Volt-Crane-O is a scratch built, 6 wheel drive, 4 wheel steer, fully functional miniature crane.

The theme is based around a Liebherr 6 wheel mobile crane.

Construction

The chassis is constructed from wood, mostly 2x4. Fixings are mostly wood screws, except the use of M6/M8 bolts where additional strength or rules compliance is needed (bumpers).

The body is also constructed from a lightweight wooden frame, panelled with thin plywood.
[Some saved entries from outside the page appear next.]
(* Let $d,n\ge1$ and $\Lambda=\mathrm{diag}(\lambda_1,\dots,\lambda_d)$ a diagonal covariance matrix. Let $x^{(1)},\dots,x^{(n)}\in\mathbb{R}^d$ be i.i.d. $\mathcal{N}(0,\Lambda)$, $w_\star\sim\mathcal{N}(0,I_d)$ independent, $y^{(i)}=\langle w_\star,x^{(i)}\rangle$, $z^{(i)}=\begin{bmatrix}x^{(i)}\\ y^{(i)}\end{bmatrix}\in\mathbb{R}^{d+1}$, and $C=\frac1n\sum_{i=1}^n z^{(i)}{z^{(i)}}^\top$. Fix $j\in\{1,\dots,d\}$ and for $X\in\mathbb{R}^{(d+1)\times(d+1)}$ define $$f_j(X)=\mathbb{E}\big[(\langle C,X\rangle+w_\star[j])^2\big],\qquad \langle C,X\rangle=\mathrm{tr}(CX^\top).$$ Then a global minimum of $f_j$ is $$X_j=-\frac{1}{\frac{n+1}{n}\lambda_j+\frac1n\sum_{k=1}^d\lambda_k}\,E_{d+1,j},$$ where $E_{d+1,j}$ is the matrix whose $(d+1,j)$ entry is $1$ and all other entries are $0$.
   Context: $w_\star[j]$ denotes the $j$-th coordinate of $w_\star$. *)

theory Defs
  imports "HOL-Probability.Probability"
begin

definition gauss :: "real \<Rightarrow> real measure" where
  "gauss v = (if v = 0 then return borel 0
              else density lborel (normal_density 0 (sqrt v)))"

text \<open>Indices are 0-based: data coordinates k < d, samples i < n; the augmented
  vector z has coordinates 0..d, coordinate d being the label y.\<close>

definition label :: "nat \<Rightarrow> (nat \<Rightarrow> nat \<Rightarrow> 'a \<Rightarrow> real) \<Rightarrow> (nat \<Rightarrow> 'a \<Rightarrow> real) \<Rightarrow> nat \<Rightarrow> 'a \<Rightarrow> real" where
  "label d x w i \<omega> = (\<Sum>k<d. w k \<omega> * x i k \<omega>)"

definition zvec :: "nat \<Rightarrow> (nat \<Rightarrow> nat \<Rightarrow> 'a \<Rightarrow> real) \<Rightarrow> (nat \<Rightarrow> 'a \<Rightarrow> real) \<Rightarrow> nat \<Rightarrow> 'a \<Rightarrow> nat \<Rightarrow> real" where
  "zvec d x w i \<omega> a = (if a < d then x i a \<omega> else label d x w i \<omega>)"

definition Cmat :: "nat \<Rightarrow> nat \<Rightarrow> (nat \<Rightarrow> nat \<Rightarrow> 'a \<Rightarrow> real) \<Rightarrow> (nat \<Rightarrow> 'a \<Rightarrow> real) \<Rightarrow> 'a \<Rightarrow> nat \<Rightarrow> nat \<Rightarrow> real" where
  "Cmat d n x w \<omega> a b = (1 / real n) * (\<Sum>i<n. zvec d x w i \<omega> a * zvec d x w i \<omega> b)"

definition frob :: "nat \<Rightarrow> (nat \<Rightarrow> nat \<Rightarrow> real) \<Rightarrow> (nat \<Rightarrow> nat \<Rightarrow> real) \<Rightarrow> real" where
  "frob d A B = (\<Sum>a\<le>d. \<Sum>b\<le>d. A a b * B a b)"

definition fj :: "'a measure \<Rightarrow> nat \<Rightarrow> nat \<Rightarrow> (nat \<Rightarrow> nat \<Rightarrow> 'a \<Rightarrow> real) \<Rightarrow> (nat \<Rightarrow> 'a \<Rightarrow> real) \<Rightarrow> nat \<Rightarrow> (nat \<Rightarrow> nat \<Rightarrow> real) \<Rightarrow> real" where
  "fj M d n x w j X = (\<integral>\<omega>. (frob d (Cmat d n x w \<omega>) X + w j \<omega>)\<^sup>2 \<partial>M)"

definition Emat :: "nat \<Rightarrow> nat \<Rightarrow> nat \<Rightarrow> nat \<Rightarrow> real" where
  "Emat a b = (\<lambda>r c. if r = a \<and> c = b then 1 else 0)"

end

theory Submission
  imports Defs
begin

(*
  f_j is a convex quadratic in X, so X is a minimiser as soon as the residual
  <C, X> + w_j is L2-orthogonal to every entry C_ab (the normal equations).  For
  X = -kappa E_{d+1,j} the residual is w_j - kappa C_{d+1,j}.

  All moments involved are expectations of polynomials in the independent centred
  Gaussians x_ik and w_k, and a monomial of odd total degree in some set S of these
  variables has expectation zero.  Taking S to be all weights w, or all variables
  w_c, x_1c, ..., x_nc of one coordinate c, shows that E[w_j C_ab] and
  E[C_{d+1,j} C_ab] vanish unless {a, b} = {j, d+1}.  The two remaining moments are
  E[w_j C_{d+1,j}] = lambda_j and E[C_{d+1,j}^2] = lambda_j ((n+1) lambda_j + sum_k lambda_k) / n,
  and kappa is exactly their ratio.
*)

lemma integrable_power_gauss:
  assumes "s \<ge> 0"
  shows "integrable (gauss s) (\<lambda>t. t ^ k)"
proof (cases "s = 0")
  case True
  interpret prob_space "return borel (0::real)" by (rule prob_space_return) simp
  show ?thesis
    using True by (simp add: gauss_def) (rule integrable_cong_AE_imp, auto simp: AE_return)
next
  case False
  then have "sqrt s > 0" using assms by simp
  then show ?thesis
    using False by (simp add: gauss_def integrable_density integrable_normal_moment[of "sqrt s" 0 k, simplified])
qed

lemma integral_odd_power_gauss:
  assumes "s \<ge> 0" "odd k"
  shows "(\<integral>t. t ^ k \<partial>gauss s) = 0"
proof (cases "s = 0")
  case True
  then show ?thesis using assms by (simp add: gauss_def integral_return) (cases k, auto)
next
  case False
  then have "sqrt s > 0" using assms by simp
  moreover obtain m where "k = 2 * m + 1" using assms oddE by blast
  ultimately show ?thesis
    using False by (simp add: gauss_def integral_density integral_normal_moment_odd[of "sqrt s" 0 m, simplified])
qed

lemma integral_even_power_gauss:
  assumes "s \<ge> 0"
  shows "(\<integral>t. t ^ (2 * m) \<partial>gauss s) = fact (2 * m) / ((2 / s) ^ m * fact m)"
proof (cases "s = 0")
  case True
  then show ?thesis by (simp add: gauss_def power_0_left integral_return)
next
  case False
  then have "sqrt s > 0" using assms by simp
  then show ?thesis
    using False assms by (simp add: gauss_def integral_density integral_normal_moment_even[of "sqrt s" 0 m, simplified])
qed

lemma integral_power2_gauss: "s \<ge> 0 \<Longrightarrow> (\<integral>t. t ^ 2 \<partial>gauss s) = s"
  using integral_even_power_gauss[of s 1] by (cases "s = 0") auto

lemma integral_power4_gauss: "s \<ge> 0 \<Longrightarrow> (\<integral>t. t ^ 4 \<partial>gauss s) = 3 * s\<^sup>2"
  using integral_even_power_gauss[of s 2]
  by (cases "s = 0") (auto simp: fact_numeral power2_eq_square field_simps)

lemma (in prob_space)
  assumes "random_variable borel X" "distr M borel X = gauss s" "s \<ge> 0"
  shows integrable_power_gauss_distributed: "integrable M (\<lambda>\<omega>. X \<omega> ^ k)"
    and expectation_power_gauss_distributed: "expectation (\<lambda>\<omega>. X \<omega> ^ k) = (\<integral>t. t ^ k \<partial>gauss s)"
proof -
  show "integrable M (\<lambda>\<omega>. X \<omega> ^ k)"
    using integrable_power_gauss[OF assms(3), of k] integrable_distr_eq[OF assms(1), of "\<lambda>t. t ^ k"]
      assms(2) by simp
  show "expectation (\<lambda>\<omega>. X \<omega> ^ k) = (\<integral>t. t ^ k \<partial>gauss s)"
    using integral_distr[OF assms(1), of "\<lambda>t. t ^ k"] assms(2) by simp
qed

lemma (in prob_space) expectation_square_le_add_orthogonal:
  fixes r D :: "'a \<Rightarrow> real"
  assumes "integrable M (\<lambda>\<omega>. (r \<omega>)\<^sup>2)" "integrable M (\<lambda>\<omega>. r \<omega> * D \<omega>)"
    and "integrable M (\<lambda>\<omega>. (D \<omega>)\<^sup>2)" and "expectation (\<lambda>\<omega>. r \<omega> * D \<omega>) = 0"
  shows "expectation (\<lambda>\<omega>. (r \<omega>)\<^sup>2) \<le> expectation (\<lambda>\<omega>. (r \<omega> + D \<omega>)\<^sup>2)"
proof -
  have "expectation (\<lambda>\<omega>. (r \<omega> + D \<omega>)\<^sup>2)
      = expectation (\<lambda>\<omega>. (r \<omega>)\<^sup>2) + 2 * expectation (\<lambda>\<omega>. r \<omega> * D \<omega>) + expectation (\<lambda>\<omega>. (D \<omega>)\<^sup>2)"
    using assms(1-3) by (simp add: power2_sum mult.assoc)
  moreover have "expectation (\<lambda>\<omega>. (D \<omega>)\<^sup>2) \<ge> 0" by simp
  ultimately show ?thesis using assms(4) by simp
qed

lemma frob_diff_right: "frob d A (\<lambda>a b. X a b - Y a b) = frob d A X - frob d A Y"
  by (simp add: frob_def right_diff_distrib sum_subtractf)

lemma frob_scaled_Emat:
  assumes "a \<le> d" "b \<le> d"
  shows "frob d A (\<lambda>r c. t * Emat a b r c) = t * A a b"
proof -
  have "A r c * (t * Emat a b r c) = (if c = b then if r = a then t * A a b else 0 else 0)" for r c
    by (simp add: Emat_def)
  then show ?thesis
    using assms by (simp add: frob_def)
qed

lemma sum_lessThan_if_eq:
  fixes A B :: real
  assumes "i < N"
  shows "(\<Sum>i'<N. if i = i' then A else B) = A + (real N - 1) * B"
proof -
  have "(\<Sum>i'<N. if i = i' then A else B) = (\<Sum>i'<N. B + (if i = i' then A - B else 0))"
    by (rule sum.cong) auto
  also have "\<dots> = real N * B + (A - B)"
    using assms by (simp add: sum.distrib)
  finally show ?thesis
    by (simp add: algebra_simps)
qed

locale indep_vars_vanishing_odd_moments = prob_space +
  fixes I :: "'i set" and V :: "'i \<Rightarrow> 'a \<Rightarrow> real"
  assumes finite_index: "finite I"
    and indep: "indep_vars (\<lambda>_. borel) V I"
    and integrable_power: "v \<in> I \<Longrightarrow> integrable M (\<lambda>\<omega>. V v \<omega> ^ k)"
    and odd_moment_eq_0: "v \<in> I \<Longrightarrow> odd k \<Longrightarrow> expectation (\<lambda>\<omega>. V v \<omega> ^ k) = 0"
begin

lemma
  assumes "F \<subseteq> I"
  shows integrable_prod_power: "integrable M (\<lambda>\<omega>. \<Prod>v\<in>F. V v \<omega> ^ k v)"
    and expectation_prod_power:
      "expectation (\<lambda>\<omega>. \<Prod>v\<in>F. V v \<omega> ^ k v) = (\<Prod>v\<in>F. expectation (\<lambda>\<omega>. V v \<omega> ^ k v))"
proof -
  have "indep_vars (\<lambda>_. borel) (\<lambda>v \<omega>. V v \<omega> ^ k v) I"
    using indep_vars_compose2[OF indep, of "\<lambda>v t. t ^ k v" "\<lambda>_. borel"] by simp
  then have "indep_vars (\<lambda>_. borel) (\<lambda>v \<omega>. V v \<omega> ^ k v) F"
    using assms by (rule indep_vars_subset)
  moreover have "finite F" using assms finite_index by (rule finite_subset)
  moreover have "v \<in> F \<Longrightarrow> integrable M (\<lambda>\<omega>. V v \<omega> ^ k v)" for v
    using assms integrable_power by blast
  ultimately show "integrable M (\<lambda>\<omega>. \<Prod>v\<in>F. V v \<omega> ^ k v)"
    and "expectation (\<lambda>\<omega>. \<Prod>v\<in>F. V v \<omega> ^ k v) = (\<Prod>v\<in>F. expectation (\<lambda>\<omega>. V v \<omega> ^ k v))"
    by (simp_all add: indep_vars_integrable indep_vars_lebesgue_integral)
qed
Steering uses two M8 threaded tie rods to connect the pitman arm to the trailing spindle arms. The steering column is 25mm bed frame offcut with socket set articulating joint. There is a second pitman arm on the steering column at 90 degrees to produce a back and forth steering linkage to the rear axle, which is then translated 90 degrees again using a pivot to drive the rear tie rods. The steering angle of the rear axle is approximately 1/3rd of the front steering angle, because the rear/mid wheelbase is approximately 1/3 the front/mid wheelbase. No real thoughts were given to steering geometry and the handling is somehow "fine".

The steering components are mostly constructed from offcuts of bedframe, steel angle welded to make U section, or 4x30mm flat steel bar.

Wooden chassis with steering rear view
Wooden chassis with steering front view
Steering components

Powertrain

Volt-Crane-O utilises 6x 6.5″ 350W hoverboard motors, fitted with 4.10/3.50-5 tyres. Regenerative braking is extremely effective if configured correctly, however one motor has been fitted with a mechanical brake from a Xiaomi M365 scooter to comply with the rules.

Power is delivered to the motors using 3x original hoverboard PCBs running a fork of EFeru’s FOC firmware (links at the bottom). A higher current limit is applied to the rear motors to aid traction given the awful weight distribution. Throttle is applied in torque mode, controlled from aliexpress hall effect pedals via an Arduino.

Traction power is supplied by either 2x custom 6S3P Samsung 30T 21700 Li-Ion battery packs, producing 48V total. Each pack contains a 60A DALY BMS, or 2X 6S 9500mAH CHNL Lipos. Another 6S4P Li-Ion set using reclaimed hoverboard 18650’s also exists for testing and running around, but does not perform well enough for racing.


Other Features

The crane boom can be raised and lowered, extended and retracted (2 sections), and the winch/hook raised and lowered by a control panel below the steering wheel.

The boom itself is constructed from 3 telescopic sections of 18mm plywood, running on internal/external 608 skateboard bearings or homemade tubular bearings at each end.

The winch is a 12V caravan/boat trailer winch rated for 900kg.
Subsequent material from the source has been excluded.